According to a historical article on the USGA site, the name of golf, and possibly the game of golf, came from the Dutch and was passed to the Scottish as trade took place between the two countries. This theory roots the game of golf in the Dutch game played with a ball and stick on the frozen canals.
But the theory doesn't seem to hold water. For one thing, the writers of the Oxford English Dictionary don't think much of it on linguistic grounds. For another thing, the historical record shows golf being played in Scotland before the Dutch game was ever even mentioned.
Many articles about golf include claims that the Royal Burgess Golfing Society archives contain a document showing that a game of golf was played in Edinburgh on Bruntsfield Links in 1456. This date makes sense because records show either King James II or the Scottish Parliament banning golf (and football) in Scotland in 1457 or 1458.
The purpose of the ban was either to encourage the population to keep their focus on archery practice which, unlike golf, was important for defending Scotland, or because the banned sports were considered dangerous. Additional bans were recorded in 1471 and 1491.
Clearly, no ban would have been necessary were golf not flourishing and even growing in popularity, so even without having seen the Bruntsfield document, historians reasonably concluded that golf was being played in Scotland by 1457 or so at the latest.
A second clue to the rise of the game of golf in Scotland in the late medieval period is rooted in the action of King James IV. Chess may be "the game of kings," but the record of King James's purchase of a set of golf clubs in 1502 is what provides our second bit of evidence that golf originated in Scotland. The craftsman who made the clubs was a bow-maker in Perth, and King James paid thirteen shillings for them.
Her love of golf may have been the beginning of the downfall of Mary Queen of Scots, another Scottish monarch. Her enemies started a rumor that Mary played golf just days after the murder of her second husband. One thing led to another, and her purported game of golf was used to tie Mary to the murder. She fled to England, was imprisoned, and eventually beheaded.
The earliest golf rules to be found also come from Scotland. They date from 1744, and were collected for a tournament to be held in April of that year by the Gentlemen Golfers of Leith.
References to tees, holes, hazards, clubs, balls, and penalty strokes are all mentioned, assuring us that the game being played was markedly similar to what we call golf today.
Of course, some differences exist between eighteenth century Scottish rules and modern day rules.

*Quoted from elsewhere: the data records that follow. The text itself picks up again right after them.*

(* Let $f=(f_0,f_1)\in F\times F$ be such that $P_1^f\ll P_0^f$, and let $T$ be an anonymous comparison test that is error-free. Then $P_0^f(\{T(\cdot,f)=0\})<1$.
   Context: Let $\Omega=\{0,1\}$ and let $\Omega^\infty$ be the set of infinite sequences $\omega=(\omega_1,\omega_2,\dots)$ with $\omega_t\in\Omega$; $\omega^t=(\omega_1,\dots,\omega_t)$ denotes the prefix of length $t$ and also the cylinder set $\{\hat\omega\in\Omega^\infty:\hat\omega^t=\omega^t\}$. $\Omega^\infty$ carries the $\sigma$-algebra generated by all cylinders. $\Delta(\Omega)$ is the set of probability distributions on $\Omega$. A forecasting strategy is a function $f:\bigcup_{t\ge 0}(\Omega\times\Delta(\Omega)\times\Delta(\Omega))^t\to\Delta(\Omega)$; $F$ denotes the set of all forecasting strategies. For a pair $f=(f_0,f_1)\in F\times F$ and $\omega\in\Omega^\infty$, the play path $h=h(\omega,f_0,f_1)\in(\Omega\times\Delta(\Omega)\times\Delta(\Omega))^\infty$ is defined recursively by $h^0=\emptyset$ and $h^t=(h^{t-1},(\omega_t,f_0(h^{t-1}),f_1(h^{t-1})))$; $h^n$ denotes its prefix of length $n$ and $h_n$ its suffix starting at coordinate $n$. The pair $f$ induces probability measures $P_0^f,P_1^f$ on $\Omega^\infty$ determined by $P_i^f(\omega^t)=\prod_{n=1}^t f_i(h^{n-1}(\omega,f_0,f_1))[\omega_n]$. A comparison test is a function $T:\Omega^\infty\times F\times F\to\{0,\tfrac12,1\}$, measurable in $\omega$ for each fixed pair; $T=i\in\{0,1\}$ means expert $i$ is deemed better informed, $T=\tfrac12$ means inconclusive. Write $\{T(\cdot,f)=k\}=\{\omega: T(\omega,f_0,f_1)=k\}$. $T$ is anonymous if $T(\omega,f_0,f_1)=1-T(\omega,f_1,f_0)$ for all $\omega,f_0,f_1$. $T$ is error-free if for all $f\in F\times F$ and $i\in\{0,1\}$, $P_{1-i}^f(\{T(\cdot,f)=i\})=0$. *)

theory Defs
  imports "HOL-Probability.Probability"
begin

text \<open>Outcomes: \<Omega> = {0,1} is rendered as bool (False = 0, True = 1).
  Infinite sequences \<omega> = (\<omega>_1, \<omega>_2, ...) are functions nat => bool with
  \<omega>_t stored at index t - 1. Distributions on \<Omega> are bool pmf.\<close>

type_synonym outcome_seq = "nat \<Rightarrow> bool"
type_synonym hist = "(bool \<times> bool pmf \<times> bool pmf) list"
type_synonym strategy = "hist \<Rightarrow> bool pmf"

definition cyl :: "outcome_seq \<Rightarrow> nat \<Rightarrow> outcome_seq set" where
  "cyl \<omega> t = {\<omega>'. \<forall>n<t. \<omega>' n = \<omega> n}"

definition Omega_inf :: "outcome_seq measure" where
  "Omega_inf = sigma UNIV {cyl \<omega> t | \<omega> t. True}"

fun play :: "outcome_seq \<Rightarrow> strategy \<Rightarrow> strategy \<Rightarrow> nat \<Rightarrow> hist" where
  "play \<omega> f0 f1 0 = []"
| "play \<omega> f0 f1 (Suc t) =
     (let h = play \<omega> f0 f1 t in h @ [(\<omega> t, f0 h, f1 h)])"

text \<open>P_i^f(\<omega>^t) = prod_{n=1}^t f_i(h^{n-1})[\<omega>_n]; i = False is expert 0, i = True expert 1.\<close>
definition cyl_prob :: "bool \<Rightarrow> strategy \<Rightarrow> strategy \<Rightarrow> outcome_seq \<Rightarrow> nat \<Rightarrow> real" where
  "cyl_prob i f0 f1 \<omega> t =
     (\<Prod>n<t. pmf ((if i then f1 else f0) (play \<omega> f0 f1 n)) (\<omega> n))"

definition induced :: "bool \<Rightarrow> strategy \<Rightarrow> strategy \<Rightarrow> outcome_seq measure" where
  "induced i f0 f1 = (THE M. prob_space M \<and> sets M = sets Omega_inf \<and>
      (\<forall>\<omega> t. measure M (cyl \<omega> t) = cyl_prob i f0 f1 \<omega> t))"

For example, Rule 10, which says, "If a Ball be stopp'd by any Person, Horse, Dog or anything else, The Ball so stop'd must be play'd where it lyes" could drop the reference to horses and dogs on the golf course . . .
Just as the recent history of golf cannot be told without reference to Tiger Woods and his game-changing influence, so the origins of golf cannot be told without reference to Scotland, the place where golf really originated.